# Bees in water pump



## soapmakermom (May 11, 2002)

Hello,
We have bees in our hand water pump in our frontyard. I can't use the pump because the bees are nesting inside the top of the pump. They are small, bright yellow and black striped and numerous. Very busy. How can I get them out of there? I don't want to spray poison in a water pump! Any ideas?
Thanks,
Mary in Ohio


----------



## Iddee (Sep 25, 2005)

Soapy water


----------



## soapmakermom (May 11, 2002)

Ok, I guess I can just dump some soapy water in the hole when it's cool (if it gets cool enough). We'll see if it works. 
Mary


----------



## alleyyooper (Apr 22, 2005)

They sound more like yellow jackets (WASP) than bees.
If they were bees some bee keeper would be happy to come get them I suppose.
Do the soapy water as near as dark as you can with out useing a light.

 Al


----------



## soapmakermom (May 11, 2002)

Yes, I think they may be yellow jackets. I will try the soapy water. Thanks!
Mary


----------



## Judy in IN (Nov 28, 2003)

Shoot, for yellow jackets, I'd use gasoline!!! The EAT honeybees, you know.

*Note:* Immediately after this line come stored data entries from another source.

(* Let $f:U\to\mathbb{R}^3$ be a Guichard net and $\hat f$ an associated system of $f$ given by $d\hat f=\sum_{m=1}^3h_m\partial_mf\,dx_m$. For $(i,j,k)$ a permutation of $(1,2,3)$ the following are equivalent: (i) the coordinate surfaces $x_i=\mathrm{const}$ of $f$ are parallel; (ii) the coordinate surfaces $x_i=\mathrm{const}$ of $\hat f$ are parallel; (iii) $\partial_jh_i=\partial_kh_i=0$.
   Context: $U\subset\mathbb{R}^3$ open connected, coordinates $(x_1,x_2,x_3)=(x,y,z)$, $\partial_i=\partial_{x_i}$. A triply orthogonal system is $f:U\to\mathbb{R}^3$ with $\det(\partial_1f,\partial_2f,\partial_3f)\ne0$ and $(\partial_if,\partial_jf)=0$ for $i\ne j$. For $(i,j,k)$ cyclic, $N_i=\partial_jf\times\partial_kf/|\cdot|$, Lamé coefficients $H_i$ by $\partial_if=H_iN_i$, rotational coefficients $\beta_{ij}=\frac1{H_i}\partial_iH_j$, and $\kappa_{ij}=-\beta_{ij}/H_j$ (principal curvature of $x_i=\mathrm{const}$ along $x_j$-lines). A Guichard net satisfies $H_1^2+H_2^2-H_3^2=0$. Its associated systems are $\hat f$ with $d\hat f=\sum h_m\partial_mf\,dx_m$, where $(h_1,h_2,h_3)$ solves $\partial_xh_3=-\frac{H_2}{H_3}\kappa_{13}$, $\partial_yh_3=\frac{H_1}{H_3}\kappa_{23}$, $\partial_zh_3=-\frac{H_1H_2}{H_3^2}(\kappa_{31}-\kappa_{32})$, $h_1=h_3+\frac{H_2}{H_1H_3}$, $h_2=h_3-\frac{H_1}{H_2H_3}$; $\hat f$ is a triply orthogonal system with Lamé coefficients $h_mH_m$ and the same rotational coefficients as $f$. A family of coordinate surfaces $x_i=\mathrm{const}$ is parallel if its members are parallel surfaces of each other. *)

theory Defs
  imports "HOL-Analysis.Analysis"
begin

text \<open>Coordinates of R^3 are indexed by the numeral type 3 with elements 1, 2, 3
  (arithmetic mod 3, so for an index i the cyclic successors are i+1 and i+2).\<close>

definition pd :: "3 \<Rightarrow> (real^3 \<Rightarrow> 'a::real_normed_vector) \<Rightarrow> real^3 \<Rightarrow> 'a" where
  "pd i g x = vector_derivative (\<lambda>t. g (x + t *\<^sub>R axis i 1)) (at 0)"

fun ipd :: "3 list \<Rightarrow> (real^3 \<Rightarrow> 'a::real_normed_vector) \<Rightarrow> real^3 \<Rightarrow> 'a" where
  "ipd [] g = g"
| "ipd (i # is) g = pd i (ipd is g)"

definition smooth_on :: "(real^3) set \<Rightarrow> (real^3 \<Rightarrow> 'a::real_normed_vector) \<Rightarrow> bool" where
  "smooth_on U g \<longleftrightarrow>
     (\<forall>is. continuous_on U (ipd is g) \<and>
        (\<forall>x\<in>U. \<forall>i. (\<lambda>t. ipd is g (x + t *\<^sub>R axis i 1)) differentiable (at 0)))"

definition triply_orthogonal :: "(real^3) set \<Rightarrow> (real^3 \<Rightarrow> real^3) \<Rightarrow> bool" where
  "triply_orthogonal U f \<longleftrightarrow> smooth_on U f \<and>
     (\<forall>x\<in>U. det (\<chi> m. pd m f x) \<noteq> 0 \<and> (\<forall>a b. a \<noteq> b \<longrightarrow> pd a f x \<bullet> pd b f x = 0))"

definition unormal :: "(real^3 \<Rightarrow> real^3) \<Rightarrow> 3 \<Rightarrow> real^3 \<Rightarrow> real^3" where
  "unormal f i x = (let c = cross3 (pd (i+1) f x) (pd (i+2) f x) in (1 / norm c) *\<^sub>R c)"

text \<open>Lame coefficient H_i, defined by d_i f = H_i N_i.\<close>
definition lame :: "(real^3 \<Rightarrow> real^3) \<Rightarrow> 3 \<Rightarrow> real^3 \<Rightarrow> real" where
  "lame f i x = pd i f x \<bullet> unormal f i x"

definition rotc :: "(real^3 \<Rightarrow> real^3) \<Rightarrow> 3 \<Rightarrow> 3 \<Rightarrow> real^3 \<Rightarrow> real" where
  "rotc f i j x = pd i (lame f j) x / lame f i x"

definition kappa :: "(real^3 \<Rightarrow> real^3) \<Rightarrow> 3 \<Rightarrow> 3 \<Rightarrow> real^3 \<Rightarrow> real" where
  "kappa f i j x = - rotc f i j x / lame f j x"

definition guichard_net :: "(real^3) set \<Rightarrow> (real^3 \<Rightarrow> real^3) \<Rightarrow> bool" where
  "guichard_net U f \<longleftrightarrow> triply_orthogonal U f \<and>
     (\<forall>x\<in>U. (lame f 1 x)\<^sup>2 + (lame f 2 x)\<^sup>2 - (lame f 3 x)\<^sup>2 = 0)"

definition associated_system ::
  "(real^3) set \<Rightarrow> (real^3 \<Rightarrow> real^3) \<Rightarrow> (3 \<Rightarrow> real^3 \<Rightarrow> real) \<Rightarrow> (real^3 \<Rightarrow> real^3) \<Rightarrow> bool" where
  "associated_system U f h fhat \<longleftrightarrow>
     (\<forall>x\<in>U.
        h 3 differentiable (at x) \<and>
        pd 1 (h 3) x = - (lame f 2 x / lame f 3 x) * kappa f 1 3 x \<and>
        pd 2 (h 3) x = (lame f 1 x / lame f 3 x) * kappa f 2 3 x \<and>
        pd 3 (h 3) x = - (lame f 1 x * lame f 2 x / (lame f 3 x)\<^sup>2)
                          * (kappa f 3 1 x - kappa f 3 2 x) \<and>
        h 1 x = h 3 x + lame f 2 x / (lame f 1 x * lame f 3 x) \<and>
        h 2 x = h 3 x - lame f 1 x / (lame f 2 x * lame f 3 x) \<and>
        (fhat has_derivative (\<lambda>v. \<Sum>m\<in>UNIV. (v $ m * h m x) *\<^sub>R pd m f x)) (at x))"

text \<open>The family of coordinate surfaces x_i = const of g is parallel: locally (around every
  point), any two members are parallel surfaces of each other, i.e. the member x_i = c' is
  obtained from the member x_i = c by moving a constant distance d(c,c') along the unit normal
  N_i (corresponding points lying on a common x_i-line, the common normal line).\<close>
definition parallel_family :: "(real^3) set \<Rightarrow> (real^3 \<Rightarrow> real^3) \<Rightarrow> 3 \<Rightarrow> bool" where
  "parallel_family U g i \<longleftrightarrow>
     (\<forall>x\<in>U. \<exists>e>0. ball x e \<subseteq> U \<and>
        (\<exists>d::real \<Rightarrow> real \<Rightarrow> real. \<forall>y\<in>ball x e. \<forall>s.
           y + s *\<^sub>R axis i 1 \<in> ball x e \<longrightarrow>
           g (y + s *\<^sub>R axis i 1) = g y + d (y $ i) (y $ i + s) *\<^sub>R unormal g i y))"

end

theory Submission
  imports Defs
begin

(*
  For a triply orthogonal system g, the surfaces x_i = const are parallel iff the metric
  coefficient |d_i g|^2 does not depend on x_j, x_k.  Necessity: for parallel surfaces
  d_i g = D N_i with D depending on x_i only.  Sufficiency: differentiating d_i g . d_j g = 0
  along x_i and using d_j d_i g . d_i g = d_j |d_i g|^2 / 2 = 0 shows that d_i d_i g is parallel
  to d_i g, so the unit tangent is constant along x_i-lines; on a box the sign of H_i is
  constant, hence d_i g = +-|d_i g| N_i with N_i fixed along the line, which integrates to a
  displacement depending only on the two values of x_i.

  For the associated system d_m fhat = h_m d_m f.  Expanding d_j d_i fhat = d_i d_j fhat and
  pairing with d_i f gives, for c = d_j d_i f . d_i f,
    d_j |d_i f|^2 = 2 c,    d_j |d_i fhat|^2 = 2 h_i h_j c,    d_j h_i |d_i f|^2 = (h_j - h_i) c.
  The h_m are nonzero and pairwise distinct, so all three conditions say c = 0.
*)

lemma exhaust_3_cyclic: "(m::3) = i \<or> m = i + 1 \<or> m = i + 2"
  using exhaust_3[of m] exhaust_3[of i] by auto

lemma cyclic_indices_distinct:
  "(i::3) + 1 \<noteq> i" "i + 2 \<noteq> i" "i + 1 \<noteq> i + 2" "i \<noteq> i + 1" "i \<noteq> i + 2"
  using exhaust_3[of i] by auto

section \<open>Partial derivatives along coordinate lines\<close>

definition coordinate_differentiable_on ::
  "(real^3) set \<Rightarrow> (real^3 \<Rightarrow> 'a::real_normed_vector) \<Rightarrow> bool" where
  "coordinate_differentiable_on U F \<longleftrightarrow>
     (\<forall>x\<in>U. \<forall>m. (\<lambda>t. F (x + t *\<^sub>R axis m 1)) differentiable (at 0))"

lemma coordinate_differentiable_on_subset:
  "coordinate_differentiable_on U F \<Longrightarrow> V \<subseteq> U \<Longrightarrow> coordinate_differentiable_on V F"
  by (auto simp: coordinate_differentiable_on_def)

lemma smooth_onD:
  assumes "smooth_on U F"
  shows "coordinate_differentiable_on U F" "coordinate_differentiable_on U (pd m F)"
    "continuous_on U (pd m F)" "continuous_on U (pd a (pd b F))"
  using assms unfolding smooth_on_def coordinate_differentiable_on_def
  by (metis ipd.simps)+

lemma open_line_preimage:
  fixes z v :: "'a::real_normed_vector"
  assumes "open U"
  shows "open {t::real. z + t *\<^sub>R v \<in> U}"
proof -
  have "continuous_on UNIV (\<lambda>t::real. z + t *\<^sub>R v)" by (intro continuous_intros)
  then have "open ((\<lambda>t::real. z + t *\<^sub>R v) -` U)"
    using assms by (simp add: continuous_on_open_vimage)
  then show ?thesis by (simp add: vimage_def)
qed

lemma convex_line_preimage:
  fixes y v :: "'a::real_vector"
  assumes "convex C"
  shows "convex {t::real. y + t *\<^sub>R v \<in> C}"
  unfolding convex_def
proof (intro ballI allI impI, simp)
  fix s t u w :: real
  assume "y + s *\<^sub>R v \<in> C" "y + t *\<^sub>R v \<in> C" "0 \<le> u" "0 \<le> w" "u + w = 1"
  then have "u *\<^sub>R (y + s *\<^sub>R v) + w *\<^sub>R (y + t *\<^sub>R v) \<in> C"
    using assms unfolding convex_def by blast
  moreover have "u *\<^sub>R (y + s *\<^sub>R v) + w *\<^sub>R (y + t *\<^sub>R v) = y + (u * s + w * t) *\<^sub>R v"
    using \<open>u + w = 1\<close> by (simp add: algebra_simps flip: scaleR_add_left)
  ultimately show "y + (u * s + w * t) *\<^sub>R v \<in> C" by simp
qed

lemma has_vector_derivative_0_imp_eq:
  fixes \<Phi> :: "real \<Rightarrow> 'a::real_normed_vector"
  assumes "convex J" "\<And>t. t \<in> J \<Longrightarrow> (\<Phi> has_vector_derivative 0) (at t)" "a \<in> J" "b \<in> J"
  shows "\<Phi> a = \<Phi> b"
  using has_vector_derivative_zero_constant[OF assms(1)] assms(2-4) has_vector_derivative_at_within
  by metis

Sorry, didn't see where you were using the pump. 

I'd bait them out....get them coming to a soda or apple, and spray them with Scotch 3M floor adhesive...glues their wings instantly, and they are DOWN.


----------



## soapmakermom (May 11, 2002)

Yes, I don't want to use poison on a water pump. If I draw them away and spray them with adhesive, I would have to stand there all day! Well, maybe that's an option.
Thanks for the advice!


----------



## alleyyooper (Apr 22, 2005)

:grit: Just use the soapy water. You can buy a whole bottle of the stuff at a dollar store for a dollar and it works just fine.

 Al


----------



## soapmakermom (May 11, 2002)

Well, we couldn't figure out how to use the soapy water without getting stung, and the Scotch adhesive is $9 a can, so my husband just tied two large heavy duty plastic garbage bags over the pump head, and duct taped them well. Hopefully they won't chew out of there. We'll keep it on for a week or so and hopefully they will just die.
Mary


----------